Now, I've found a recipe that combines two of my favorite foods in the whole world into one dish...pork shoulder with the cracklins still attached! Brilliant! Time to make a trip to Horrman's Processing and talk to them about cutting me a shoulder with the skin left on.

Recipe:

http://www.jamieoliver.com/recipes/pork-recipes/bone-in-shoulder-roast

Comments

  • Fidel
    Fidel Posts: 10,172
    So are you looking for cracklins or rinds?

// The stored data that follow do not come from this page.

lemma copies_subset_decode_codes:
  fixes E :: "'a::linorder set set"
  assumes sH: "sgraph VH EH" and sG: "sgraph V E"
    and r: "inj_on r V" "\<forall>v\<in>V. card (forward_neighbours E r v) \<le> d"
  shows "{(V', E'). subgraph V' E' V E \<and> graph_iso VH EH V' E'}
           \<subseteq> decode E r VH EH ` codes VH (alpha_d d VH EH) V (index_lists d (card VH))"
proof clarify
  fix V' E' assume copy: "subgraph V' E' V E" "graph_iso VH EH V' E'"
  obtain T g where T: "T \<subseteq> VH" "card T \<le> alpha_d d VH EH" and g: "V' = g ` VH" "E' = image g ` EH"
    and reach: "\<forall>w\<in>VH. \<exists>t\<in>T. \<exists>is\<in>index_lists d (card VH). walk E r (g t) is = g w"
    using copy_encoding[OF sH sG r copy] .
  have "\<forall>w\<in>VH. \<exists>p. p \<in> T \<times> index_lists d (card VH) \<and> walk E r (g (fst p)) (snd p) = g w"
    using reach by fastforce
  then obtain \<delta> where \<delta>: "\<forall>w\<in>VH. \<delta> w \<in> T \<times> index_lists d (card VH) \<and> walk E r (g (fst (\<delta> w))) (snd (\<delta> w)) = g w"
    by (metis bchoice)
  have "restrict \<delta> VH \<in> VH \<rightarrow>\<^sub>E VH \<times> index_lists d (card VH)"
    unfolding restrict_PiE_iff
  proof
    fix w assume "w \<in> VH"
    with \<delta> have "\<delta> w \<in> T \<times> index_lists d (card VH)" by blast
    with T(1) show "\<delta> w \<in> VH \<times> index_lists d (card VH)" by (auto simp: mem_Times_iff)
  qed
  moreover have "restrict g T \<in> T \<rightarrow>\<^sub>E V" using T(1) g(1) copy(1) unfolding subgraph_def by auto
  ultimately have "(T, restrict g T, restrict \<delta> VH) \<in> codes VH (alpha_d d VH EH) V (index_lists d (card VH))"
    using T unfolding codes_def by simp
  moreover have "\<forall>w\<in>VH. walk E r (restrict g T (fst (restrict \<delta> VH w))) (snd (restrict \<delta> VH w)) = g w"
  proof
    fix w assume "w \<in> VH"
    then show "walk E r (restrict g T (fst (restrict \<delta> VH w))) (snd (restrict \<delta> VH w)) = g w"
      using bspec[OF \<delta> \<open>w \<in> VH\<close>] by (auto simp: mem_Times_iff)
  qed
  then have "decode E r VH EH (T, restrict g T, restrict \<delta> VH) = (V', E')"
    unfolding g by (rule decode_eq_image[OF sH])
  ultimately show "(V', E') \<in> decode E r VH EH ` codes VH (alpha_d d VH EH) V (index_lists d (card VH))"
    by (metis image_eqI)
qed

    Cracklins are hard and dense, rinds are airy and puffy. Similar, yet distinctly different. You won't get rinds by cooking the skin attached to the roast.
  • jeffinsgf
    jeffinsgf Posts: 1,259
    I realize the skin on the roast isn't going to be a Baken-et brand pork rind.
  • cookn biker
    cookn biker Posts: 13,407
    Around here they are called chicharrons, Light and fluffy and delicious!
    Molly
    Colorado Springs
    "Loney Queen"
    "Respect your fellow human being, treat them fairly, disagree with them honestly, enjoy their friendship, explore your thoughts about one another candidly, work together for a common goal and help one another achieve it."
    Bill Bradley; American hall of fame basketball player, Rhodes scholar, former U.S. Senator from New Jersey
    LBGE, MBGE, SBGE , MiniBGE and a Mini Mini BGE
  • stike
    stike Posts: 15,597
    they sell the picnics here with the skin still on, only the butt is skinned.

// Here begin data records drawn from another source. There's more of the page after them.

lemma inner_normal_eq_rot90_tang:
  assumes "convex K" "interior K \<noteq> {}"
    and "\<forall>t\<in>{0..1}. \<alpha> t \<in> frontier K"
    and "\<forall>t\<in>{0..1}. \<alpha> differentiable (at t within {0..1})"
    and "\<forall>t\<in>{0..1}. vd \<alpha> differentiable (at t within {0..1})"
    and ccw: "\<forall>t\<in>{0..1}. counterclockwise_at K \<alpha> t"
    and t: "t \<in> {0..1}" and "vd (tang \<alpha>) t \<noteq> 0"
  shows "inner_normal \<alpha> t = rot90 (tang \<alpha> t)"
proof -
  have nz: "vd \<alpha> u \<noteq> 0" if "u \<in> {0..1}" for u
    using vd_nonzero_if_counterclockwise assms(2) ccw that by blast
  obtain c where "(tang \<alpha> has_vector_derivative vd (tang \<alpha>) t) (at t within {0..1})"
    and "vd (tang \<alpha>) t = (1 / norm (vd \<alpha> t)) *\<^sub>R vd (vd \<alpha>) t + c *\<^sub>R vd \<alpha> t"
    by (rule vd_tang[OF t bspec[OF assms(5) t] nz[OF t]])
  then have cross_T: "cross2 (tang \<alpha> t) (vd (tang \<alpha>) t) =
      cross2 (vd \<alpha> t) (vd (vd \<alpha>) t) / (norm (vd \<alpha> t))\<^sup>2"
    by (simp add: tang_def bounded_bilinear.add_right[OF bounded_bilinear_cross2] power2_eq_square)
  have "0 \<le> cross2 (vd \<alpha> t) (vd (vd \<alpha>) t)"
  proof (rule cross2_velocity_acceleration_nonneg[of 0 1])
    show "(\<alpha> has_vector_derivative vd \<alpha> v) (at v within {0..1})" if "v \<in> {0..1}" for v
      using assms(4) that by (simp add: has_vector_derivative_vd)
    show "(vd \<alpha> has_vector_derivative vd (vd \<alpha>) t) (at t within {0..1})"
      using assms(5) t by (simp add: has_vector_derivative_vd)
    show "0 \<le> cross2 (vd \<alpha> t) (\<alpha> v - \<alpha> t)" if "v \<in> {0..1}" for v
    proof (rule left_of_tangent_if_counterclockwise[OF assms(1,2) bspec[OF ccw t]])
      show "\<alpha> v \<in> closure K"
        using bspec[OF assms(3) that] by (simp add: frontier_def)
    qed
  qed (use t in auto)
  then have "0 \<le> cross2 (tang \<alpha> t) (vd (tang \<alpha>) t)"
    by (simp add: cross_T)
  moreover have "tang \<alpha> t \<bullet> vd (tang \<alpha>) t = 0"
    using nz t assms(5) by (intro inner_tang_vd_tang) auto
  ultimately show ?thesis
    using normalized_eq_rot90[OF norm_tang[OF nz[OF t]]] assms(8) by (simp add: inner_normal_def)
qed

    by the way, i think fidel thought you meant that you wer happy to have pork rinds on your final product (by following the recipe). ...not sticking up for him, but i kinda thought that's what you meant too. :unsure:
    ed egli avea del cul fatto trombetta -Dante
  • Fidel
    Fidel Posts: 10,172
    I didn't mean to offend you, but you said pork rinds and cracklins. A lot of people are unaware that they are different things.

    My apologies for being presumptuous and trying to help you avoid potential disappointment.
  • jeffinsgf
    jeffinsgf Posts: 1,259
    Yeah, I've got a place I'm pretty sure will leave it on for me.

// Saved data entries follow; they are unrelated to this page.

(* Consider the $Q\times2$ coin problem below with $Q\ge12$, $C_1=40$, $C_2=64$ and budget $H>0$. If $\epsilon=\frac1{20}\sqrt{\frac{Q\delta}{H}}$, then for any algorithm $\mathrm{Alg}$, if $N_1\le\frac{Q}{4C_1\lambda^2}$, there exists a set $J\subseteq[Q]$ with $|J|\ge\frac Q6$ such that $\mathbb P_j[\hat\theta=j]\le\frac12$ for all $j\in J$.
   Context: Coin problem: constants $\delta,\lambda,\epsilon\in(0,\frac14]$ and $2Q$ coins arranged in a $Q\times2$ table (rows $1,\dots,Q$, columns $1,2$), one coin per cell. There is an unknown special row $\theta\in[Q]$. In column 1 all coins are fair except the coin in row $\theta$, whose probability of heads is $\frac12+\lambda$. In column 2 all coins have probability of heads $\delta$ except the coin in row $\theta$, with probability of heads $\delta+\epsilon$. An algorithm sequentially chooses coins to flip, each choice possibly depending on previous outcomes, performs a (possibly data-dependent) total of $\tau=N_1+N_2\le H$ flips for the fixed budget $H$, where $N_1,N_2$ are the numbers of flips in column 1 and column 2, and then outputs $\hat\theta\in[Q]$. For $j\in[Q]$, $\mathbb P_j$ is the probability measure induced by the algorithm and coins when $\theta=j$. *)

theory Defs
  imports "HOL-Probability.Probability"
begin

text \<open>Rows are 1..Q, columns are 1 and 2. A history is the list of
  performed flips (row, column, outcome).\<close>

datatype action = Flip nat nat | Output nat

type_synonym history = "(nat \<times> nat \<times> bool) list"
type_synonym algorithm = "history \<Rightarrow> action pmf"

definition coin_prob :: "real \<Rightarrow> real \<Rightarrow> real \<Rightarrow> nat \<Rightarrow> nat \<Rightarrow> nat \<Rightarrow> real" where
  "coin_prob \<delta> lam \<epsilon> th r c =
     (if c = 1 then (if r = th then 1/2 + lam else 1/2)
      else (if r = th then \<delta> + \<epsilon> else \<delta>))"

    As for Fidel's comment, I'm pretty sure that I'm not the first person to use the terms interchangeably. The cracklins I've had are certainly different from packaged pork rinds, but in the same family. Scored and salted skin that is roasted at 425 degrees isn't going to be the same as deep fried separated skin, but I'm thinking it will qualify as Good Eats.

    I might even break down and get out the camera and document the cook.
  • jeffinsgf
    jeffinsgf Posts: 1,259
    No offense taken. From what I've discovered with a little Googling is that the difference is commercially produced pork rinds have the fat completely rendered off before frying, while cracklins are the pork fat and skin both fried. Other people make the distinction that cracklins are cooked and served hot, while the pork rind snack food is served cold. It appears the rendering distinction is the more widely accepted, at least in the U.S., as several companies sell both pork rinds and cracklins bagged.

    The recipe is from an Englishman, where "crackling" describes the skin cooked on a pork roast, according to him (Jamie Oliver) and Wikipedia.